The results of operations for the three month period ended March 31, 1997
are not necessarily indicative of the results to be expected for the full year.
2 - Contingencies
On April 10, 1997 a judgment was entered in favor of the Company in the amount
of approximately $4,900,000 against National Union Fire Insurance Company of
Pittsburgh, PA ("National Union") in the previously reported lawsuit filed by
National Union against the Company in 1985. The lawsuit related to a coverage
issue under an excess umbrella insurance policy provided by National Union to
the Company. National Union has filed a notice of appeal related to the
judgment with the United States Court of Appeals for the Second Circuit. The
Company had previously recorded as an asset approximately $1,850,000 related
to a portion of the damages the Company was seeking in the lawsuit
Notwithstanding the judgment in its favor, the Company has not adjusted this
amount pending the outcome of the appeal.

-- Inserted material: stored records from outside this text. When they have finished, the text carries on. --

lemma line_ensemble_label_edges_01:
  assumes "d \<ge> 2" shows "line_ensemble d (label_edges d {0, 1})"
proof -
  have "card {u. label_edges d {0, 1} (u, v)} \<in> {0, 2}" for v
  proof (cases "v \<in> tree_verts d")
    case True
    then show ?thesis using label_edges_01_neighbours[OF True assms] neighbour_0_neq_1[of v] by simp
  next
    case False
    then have "{u. label_edges d {0, 1} (u, v)} = {}" by (auto simp: label_edges_def tree_adj_def)
    then show ?thesis by simp
  qed
  moreover have "label_edges d {0, 1} (u, v) = label_edges d {0, 1} (v, u)"
    and "\<not> label_edges d {0, 1} (u, u)"
    and "label_edges d {0, 1} (u, v) \<Longrightarrow> tree_adj d u v" for u v
    by (auto simp: label_edges_def tree_adj_def)
  ultimately show ?thesis unfolding line_ensemble_def by blast
qed

lemma in_line_ensemble_label_edges_01:
  assumes "d \<ge> 2" "r \<in> tree_verts d" shows "in_line_ensemble r (label_edges d {0, 1})"
  using label_edges_01_neighbours[OF assms(2,1)] neighbour_0_neq_1[of r]
  by (simp add: in_line_ensemble_def)

lemma mass_transport_left_invariant:
  assumes inv: "\<And>b. b < d \<Longrightarrow> ensemble_aut d L (gen_mult b)"
    and f: "iso_invariant d f" and r: "r \<in> tree_verts d"
  shows "(\<integral>\<^sup>+ v. f L r v \<partial>count_space (tree_verts d)) = (\<integral>\<^sup>+ v. f L v r \<partial>count_space (tree_verts d))"
proof -
  let ?V = "tree_verts d"
  have aut: "ensemble_aut d L (word_mult g)" if "g \<in> ?V" for g
    using that by (intro ensemble_aut_word_mult inv) (auto simp: tree_verts_def)
  have f_aut: "f L (word_mult g u) (word_mult g v) = f L u v" if "g \<in> ?V" "u \<in> ?V" "v \<in> ?V" for g u v
    using f aut[OF that(1)] that(2,3) unfolding iso_invariant_def ensemble_aut_def by blast
  have bij: "bij_betw (word_mult g) ?V ?V" if "g \<in> ?V" for g
    using aut[OF that] by (simp add: ensemble_aut_def tree_aut_def)
  define \<psi> where "\<psi> = word_mult (rev r)"
  have r': "rev r \<in> ?V" using r by (simp add: rev_in_tree_verts)
  have \<psi>r: "\<psi> r = []" by (simp add: \<psi>_def word_mult_rev_self)
  have inversion: "f L [] u = f L (rev u) []" if u: "u \<in> ?V" for u
    using f_aut[of "rev u" "[]" u] u
    by (simp add: rev_in_tree_verts Nil_in_tree_verts word_mult_Nil word_mult_rev_self)
  have "(\<integral>\<^sup>+ v. f L r v \<partial>count_space ?V) = (\<integral>\<^sup>+ v. f L [] (\<psi> v) \<partial>count_space ?V)"
    using f_aut[OF r' r] \<psi>r by (intro nn_integral_cong) (auto simp: \<psi>_def)
  also have "\<dots> = (\<integral>\<^sup>+ u. f L [] u \<partial>count_space ?V)"
    unfolding \<psi>_def by (rule nn_integral_bij_count_space[OF bij[OF r']])
  also have "\<dots> = (\<integral>\<^sup>+ u. f L (rev u) [] \<partial>count_space ?V)"
    using inversion by (intro nn_integral_cong) simp
  also have "\<dots> = (\<integral>\<^sup>+ u. f L u [] \<partial>count_space ?V)"
    by (rule nn_integral_bij_count_space)
       (rule bij_betw_byWitness[where f'=rev]; auto simp: rev_in_tree_verts)
  also have "\<dots> = (\<integral>\<^sup>+ u. f L (\<psi> u) [] \<partial>count_space ?V)"
    unfolding \<psi>_def by (rule nn_integral_bij_count_space[OF bij[OF r'], symmetric])
  also have "\<dots> = (\<integral>\<^sup>+ u. f L u r \<partial>count_space ?V)"
    using f_aut[OF r' _ r] \<psi>r by (intro nn_integral_cong) (auto simp: \<psi>_def)
  finally show ?thesis .
qed

lemma space_LE_space: "space LE_space = UNIV"
  by (simp add: LE_space_def space_PiM)

lemma pred_LE_space_eq: "Measurable.pred LE_space (\<lambda>L. L = L')"
proof -
  have "(\<lambda>L. L = L') = (\<lambda>L. \<forall>i. L i = L' i)" by (auto simp: fun_eq_iff)
  moreover have "Measurable.pred LE_space (\<lambda>L. \<forall>i. L i = L' i)"
    unfolding LE_space_def by measurable
  ultimately show ?thesis by simp
qed

lemma pred_LE_space_in_line_ensemble: "Measurable.pred LE_space (in_line_ensemble r)"
proof -
  have "in_line_ensemble r = (\<lambda>L. \<exists>a b. a \<noteq> b \<and> (\<forall>u. L (u, r) = (u = a \<or> u = b)))"
    by (auto simp: fun_eq_iff card_2_iff in_line_ensemble_def)
  moreover have "Measurable.pred LE_space (\<lambda>L. \<exists>a b. a \<noteq> b \<and> (\<forall>u. L (u, r) = (u = a \<or> u = b)))"
    unfolding LE_space_def by measurable
  ultimately show ?thesis by simp
qed

lemma AE_return_LE_space: "AE L in return LE_space L'. L = L'"
  by (subst AE_return) (auto simp: space_LE_space intro: pred_LE_space_eq)

text \<open>No measurability of \<open>g\<close> is needed, since singletons are measurable.\<close>

lemma nn_integral_return_LE_space: "(\<integral>\<^sup>+ L. g L \<partial>return LE_space L') = g L'"
proof -
  have "(\<integral>\<^sup>+ L. g L \<partial>return LE_space L') = (\<integral>\<^sup>+ L. g L' \<partial>return LE_space L')"
    using AE_return_LE_space[of L'] by (intro nn_integral_cong_AE) (auto elim: AE_mp)
  also have "\<dots> = g L'"
    using prob_space.emeasure_space_1[OF prob_space_return[of L' LE_space]]
    by (simp add: space_LE_space)
  finally show ?thesis .
qed
(* Consider a network of $n$ parallel roads (indexed by $i\in[n]$) shared by $m$ vehicle types (indexed by $j\in[m]$), where vehicle type $j$ has total demand $\bar f^j\ge 0$. A routing is a vector $f=(f^j_i)_{i\in[n],j\in[m]}$; it is feasible if $f^j_i\ge 0$ for all $i,j$ and $\sum_{i\in[n]} f^j_i=\bar f^j$ for all $j$. The latency of road $i$ is $\ell_i(f)=b_i+\sum_{j\in[m]} a^j_i f^j_i$ with constants $a^j_i\ge 0$, $b_i\ge 0$, and the social cost is $J(f)=\sum_{i\in[n]}\big(\sum_{j\in[m]} f^j_i\big)\ell_i(f)$. Let $\mathcal F^*$ be the set of feasible routings minimizing $J$. For a routing $f$, let $G(f)$ be the bipartite graph whose node set consists of the $n$ roads and the $m$ vehicle types, with an edge between road $i$ and vehicle type $j$ if and only if $f^j_i>0$. Then there exists $f\in\mathcal F^*$ such that $G(f)$ is acyclic.
   Context: Parallel-road network with multiple vehicle types: flow $f^j_i$ of type $j$ on road $i$; each road's latency is affine in the flows of all vehicle types, with type-dependent coefficients $a^j_i$. The social cost is the total latency experienced by all flow. *)

theory Defs
  imports Main "HOL.Real"
begin

text \<open>Roads are indexed by i < n, vehicle types by j < m.
  A routing is f :: nat => nat => real, with f i j the flow of type j on road i.\<close>

definition feasible :: "nat \<Rightarrow> nat \<Rightarrow> (nat \<Rightarrow> real) \<Rightarrow> (nat \<Rightarrow> nat \<Rightarrow> real) \<Rightarrow> bool" where
  "feasible n m fbar f \<longleftrightarrow>
     (\<forall>i<n. \<forall>j<m. f i j \<ge> 0) \<and> (\<forall>j<m. (\<Sum>i<n. f i j) = fbar j)"

definition latency :: "nat \<Rightarrow> (nat \<Rightarrow> nat \<Rightarrow> real) \<Rightarrow> (nat \<Rightarrow> real) \<Rightarrow> (nat \<Rightarrow> nat \<Rightarrow> real) \<Rightarrow> nat \<Rightarrow> real" where
  "latency m a b f i = b i + (\<Sum>j<m. a i j * f i j)"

The Company is involved in various other lawsuits and legal proceedings which
arise in the ordinary course of business, none of which is expected to have a
material adverse effect on the Company financial condition.
3 - Earnings Per Share
Earnings per share are based on the weighted average number of common shares
and common share equivalents outstanding during the period. Stock options are
considered to be common share equivalents. Fully diluted earnings per share
also reflects the potential dilution which would result from the conversion of
the convertible subordinated notes.
4 - Supplemental Quarterly Financial Information (Unaudited)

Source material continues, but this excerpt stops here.